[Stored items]
=== Begin Enclosure ===

lemma Efun_terms_odd:
  assumes s_in: "s \<in> sign_seqs m n" and i: "1 \<le> i" "i + 1 \<le> m + n" and odd: "s (i + 1) = - s i"
    and weights: "\<forall>k\<in>{1..p}. poly_weight m n (lam k)"
    and exchange: "\<And>x. poly (y i) x * shev h yt (- s i) x
      = \<phi> s i x * shev h (Y y (i - 1)) (- s i) x * poly (Y y (i + 1)) x
        - \<psi> s i x * poly (Y y (i - 1)) x * shev h (Y y (i + 1)) (- s i) x"
    and defined: "Edef h z p m n lam s y x" "Edef h z p m n lam (swap_seq s i) (y(i := yt)) x"
  shows "Efun_term s y x i + Efun_term s y x (i + 1)
       = Efun_term (swap_seq s i) (y(i := yt)) x i + Efun_term (swap_seq s i) (y(i := yt)) x (i + 1)"
proof -
  define e where "e = (of_int (s i) :: complex)"
  define s' where "s' = swap_seq s i"
  define K where "K = {k\<in>{1..p}. s_weight m (lam k) s i + s_weight m (lam k) s (i + 1) \<noteq> 0}"
  have Y: "Y y i = y i" "Y (y(i := yt)) i = yt" "Y (y(i := yt)) (i - 1) = Y y (i - 1)"
    "Y (y(i := yt)) (i + 1) = Y y (i + 1)"
    using i by (auto simp: Yext_def)
  have s': "s' i = - s i" "s' (i + 1) = s i" using odd by (simp_all add: s'_def swap_seq_def)
  have ex: "poly (y i) u * poly yt (u + e * h)
      = \<phi> s i u * poly (Y y (i - 1)) (u + e * h) * poly (Y y (i + 1)) u
        - \<psi> s i u * poly (Y y (i - 1)) u * poly (Y y (i + 1)) (u + e * h)" for u
    using exchange[of u] by (simp add: shev_def e_def)
  have ex_shifted: "poly (y i) (x - e * h) * poly yt x
      = \<phi> s i (x - e * h) * poly (Y y (i - 1)) x * poly (Y y (i + 1)) (x - e * h)
        - \<psi> s i (x - e * h) * poly (Y y (i - 1)) (x - e * h) * poly (Y y (i + 1)) x"
    using ex[of "x - e * h"] by simp
  note ratios = Tfun_odd_ratios[OF odd, of x, folded K_def e_def]
    Tfun_swap_odd_ratios[OF s_in i odd weights, of x, folded K_def s'_def e_def]
  have "i \<le> m + n" using i by simp
  note nz = Edef_nonzero[OF defined(1) i(1) this] Edef_nonzero[OF defined(1) _ i(2)]
    Edef_nonzero[OF defined(2)[folded s'_def] i(1) this]
    Edef_nonzero(1)[OF defined(2)[folded s'_def] _ i(2)]
  have U: "(\<Prod>k\<in>K. x - z k) \<noteq> 0"
    unfolding K_def by (rule odd_ratio_denominator_nonzero[OF s_in i odd weights nz(1)])
  show ?thesis
    using pair_exchange_odd[OF ratios ex[of x] ex_shifted U] nz i odd s' Y
    by (simp add: Efun_term_def e_def s'_def[symmetric])
qed

end

theorem lemma5p5:
  fixes h :: complex and m n p i :: nat and z :: "nat \<Rightarrow> complex"
    and lam :: "nat \<Rightarrow> nat \<Rightarrow> nat" and s :: "nat \<Rightarrow> int"
    and y :: "nat \<Rightarrow> complex poly" and yt :: "complex poly"
  assumes hne: "h \<noteq> 0"
    and weights: "\<forall>k\<in>{1..p}. poly_weight m n (lam k)"
    and generic: "\<forall>k\<in>{1..p}. \<forall>l\<in>{1..p}. k \<noteq> l \<longrightarrow> (\<forall>j::int. z k - z l \<noteq> of_int j * h)"
    and s_in: "s \<in> sign_seqs m n"
    and i_range: "1 \<le> i" "i \<le> m + n - 1"
    and even_case: "s i = s (i+1) \<longrightarrow>
      (\<forall>x. Tfun h z p m lam s (i+1) x
             * (poly (y i) x * shev h yt (- s i) x - poly yt x * shev h (y i) (- s i) x)
           = Tfun h z p m lam s i x * shev h (Yext m n y (i - 1)) (- s i) x
             * poly (Yext m n y (i + 1)) x)"
    and odd_case: "s i = - s (i+1) \<longrightarrow>
      (\<forall>x. poly (y i) x * shev h yt (- s i) x
           = phifun h z p m lam s i x * shev h (Yext m n y (i - 1)) (- s i) x
               * poly (Yext m n y (i + 1)) x
             - psifun h z p m lam s i x * poly (Yext m n y (i - 1)) x
               * shev h (Yext m n y (i + 1)) (- s i) x)"
  shows "\<forall>x. Edef h z p m n lam s y x
              \<and> Edef h z p m n lam (if s i = s (i+1) then s else swap_seq s i) (y(i := yt)) x
           \<longrightarrow> Efun h z p m n lam s y x
               = Efun h z p m n lam (if s i = s (i+1) then s else swap_seq s i) (y(i := yt)) x"
proof (intro allI impI)
  fix x
  assume defined: "Edef h z p m n lam s y x
    \<and> Edef h z p m n lam (if s i = s (i+1) then s else swap_seq s i) (y(i := yt)) x"
  have i: "1 \<le> i" "i + 1 \<le> m + n" using i_range by auto
  show "Efun h z p m n lam s y x
    = Efun h z p m n lam (if s i = s (i+1) then s else swap_seq s i) (y(i := yt)) x"
  proof (cases "s i = s (i + 1)")
    case True
    have "Efun h z p m n lam s y x = Efun h z p m n lam s (y(i := yt)) x"
      using i Efun_terms_even[OF i True[symmetric]] even_case True defined
      by (intro Efun_eq_if_Efun_terms_eq) (auto simp: Efun_term_fun_upd_other)
    with True show ?thesis by simp
  next
    case False
    have "s i \<in> {1, -1}" "s (i + 1) \<in> {1, -1}" using s_in i by (auto simp: sign_seqs_def)
    with False have odd: "s (i + 1) = - s i" by auto
    have "Efun h z p m n lam s y x = Efun h z p m n lam (swap_seq s i) (y(i := yt)) x"
      using i Efun_terms_odd[OF s_in i odd weights] odd_case odd False defined
      by (intro Efun_eq_if_Efun_terms_eq) (auto simp: Efun_term_fun_upd_other Efun_term_swap_seq_other)
    with False show ?thesis by simp
  qed
qed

=== End Enclosure ===

Your task is to repeat every entry exactly.

lemma Efun_terms_odd:
  assumes s_in: "s \<in> sign_seqs m n" and i: "1 \<le> i" "i + 1 \<le> m + n" and odd: "s (i + 1) = - s i"
    and weights: "\<forall>k\<in>{1..p}. poly_weight m n (lam k)"
    and exchange: "\<And>x. poly (y i) x * shev h yt (- s i) x
      = \<phi> s i x * shev h (Y y (i - 1)) (- s i) x * poly (Y y (i + 1)) x
        - \<psi> s i x * poly (Y y (i - 1)) x * shev h (Y y (i + 1)) (- s i) x"
    and defined: "Edef h z p m n lam s y x" "Edef h z p m n lam (swap_seq s i) (y(i := yt)) x"
  shows "Efun_term s y x i + Efun_term s y x (i + 1)
       = Efun_term (swap_seq s i) (y(i := yt)) x i + Efun_term (swap_seq s i) (y(i := yt)) x (i + 1)"
proof -
  define e where "e = (of_int (s i) :: complex)"
  define s' where "s' = swap_seq s i"
  define K where "K = {k\<in>{1..p}. s_weight m (lam k) s i + s_weight m (lam k) s (i + 1) \<noteq> 0}"
  have Y: "Y y i = y i" "Y (y(i := yt)) i = yt" "Y (y(i := yt)) (i - 1) = Y y (i - 1)"
    "Y (y(i := yt)) (i + 1) = Y y (i + 1)"
    using i by (auto simp: Yext_def)
  have s': "s' i = - s i" "s' (i + 1) = s i" using odd by (simp_all add: s'_def swap_seq_def)
  have ex: "poly (y i) u * poly yt (u + e * h)
      = \<phi> s i u * poly (Y y (i - 1)) (u + e * h) * poly (Y y (i + 1)) u
        - \<psi> s i u * poly (Y y (i - 1)) u * poly (Y y (i + 1)) (u + e * h)" for u
    using exchange[of u] by (simp add: shev_def e_def)
  have ex_shifted: "poly (y i) (x - e * h) * poly yt x
      = \<phi> s i (x - e * h) * poly (Y y (i - 1)) x * poly (Y y (i + 1)) (x - e * h)
        - \<psi> s i (x - e * h) * poly (Y y (i - 1)) (x - e * h) * poly (Y y (i + 1)) x"
    using ex[of "x - e * h"] by simp
  note ratios = Tfun_odd_ratios[OF odd, of x, folded K_def e_def]
    Tfun_swap_odd_ratios[OF s_in i odd weights, of x, folded K_def s'_def e_def]
  have "i \<le> m + n" using i by simp
  note nz = Edef_nonzero[OF defined(1) i(1) this] Edef_nonzero[OF defined(1) _ i(2)]
    Edef_nonzero[OF defined(2)[folded s'_def] i(1) this]
    Edef_nonzero(1)[OF defined(2)[folded s'_def] _ i(2)]
  have U: "(\<Prod>k\<in>K. x - z k) \<noteq> 0"
    unfolding K_def by (rule odd_ratio_denominator_nonzero[OF s_in i odd weights nz(1)])
  show ?thesis
    using pair_exchange_odd[OF ratios ex[of x] ex_shifted U] nz i odd s' Y
    by (simp add: Efun_term_def e_def s'_def[symmetric])
qed

end

theorem lemma5p5:
  fixes h :: complex and m n p i :: nat and z :: "nat \<Rightarrow> complex"
    and lam :: "nat \<Rightarrow> nat \<Rightarrow> nat" and s :: "nat \<Rightarrow> int"
    and y :: "nat \<Rightarrow> complex poly" and yt :: "complex poly"
  assumes hne: "h \<noteq> 0"
    and weights: "\<forall>k\<in>{1..p}. poly_weight m n (lam k)"
    and generic: "\<forall>k\<in>{1..p}. \<forall>l\<in>{1..p}. k \<noteq> l \<longrightarrow> (\<forall>j::int. z k - z l \<noteq> of_int j * h)"
    and s_in: "s \<in> sign_seqs m n"
    and i_range: "1 \<le> i" "i \<le> m + n - 1"
    and even_case: "s i = s (i+1) \<longrightarrow>
      (\<forall>x. Tfun h z p m lam s (i+1) x
             * (poly (y i) x * shev h yt (- s i) x - poly yt x * shev h (y i) (- s i) x)
           = Tfun h z p m lam s i x * shev h (Yext m n y (i - 1)) (- s i) x
             * poly (Yext m n y (i + 1)) x)"
    and odd_case: "s i = - s (i+1) \<longrightarrow>
      (\<forall>x. poly (y i) x * shev h yt (- s i) x
           = phifun h z p m lam s i x * shev h (Yext m n y (i - 1)) (- s i) x
               * poly (Yext m n y (i + 1)) x
             - psifun h z p m lam s i x * poly (Yext m n y (i - 1)) x
               * shev h (Yext m n y (i + 1)) (- s i) x)"
  shows "\<forall>x. Edef h z p m n lam s y x
              \<and> Edef h z p m n lam (if s i = s (i+1) then s else swap_seq s i) (y(i := yt)) x
           \<longrightarrow> Efun h z p m n lam s y x
               = Efun h z p m n lam (if s i = s (i+1) then s else swap_seq s i) (y(i := yt)) x"
proof (intro allI impI)
  fix x
  assume defined: "Edef h z p m n lam s y x
    \<and> Edef h z p m n lam (if s i = s (i+1) then s else swap_seq s i) (y(i := yt)) x"
  have i: "1 \<le> i" "i + 1 \<le> m + n" using i_range by auto
  show "Efun h z p m n lam s y x
    = Efun h z p m n lam (if s i = s (i+1) then s else swap_seq s i) (y(i := yt)) x"
  proof (cases "s i = s (i + 1)")
    case True
    have "Efun h z p m n lam s y x = Efun h z p m n lam s (y(i := yt)) x"
      using i Efun_terms_even[OF i True[symmetric]] even_case True defined
      by (intro Efun_eq_if_Efun_terms_eq) (auto simp: Efun_term_fun_upd_other)
    with True show ?thesis by simp
  next
    case False
    have "s i \<in> {1, -1}" "s (i + 1) \<in> {1, -1}" using s_in i by (auto simp: sign_seqs_def)
    with False have odd: "s (i + 1) = - s i" by auto
    have "Efun h z p m n lam s y x = Efun h z p m n lam (swap_seq s i) (y(i := yt)) x"
      using i Efun_terms_odd[OF s_in i odd weights] odd_case odd False defined
      by (intro Efun_eq_if_Efun_terms_eq) (auto simp: Efun_term_fun_upd_other Efun_term_swap_seq_other)
    with False show ?thesis by simp
  qed
qed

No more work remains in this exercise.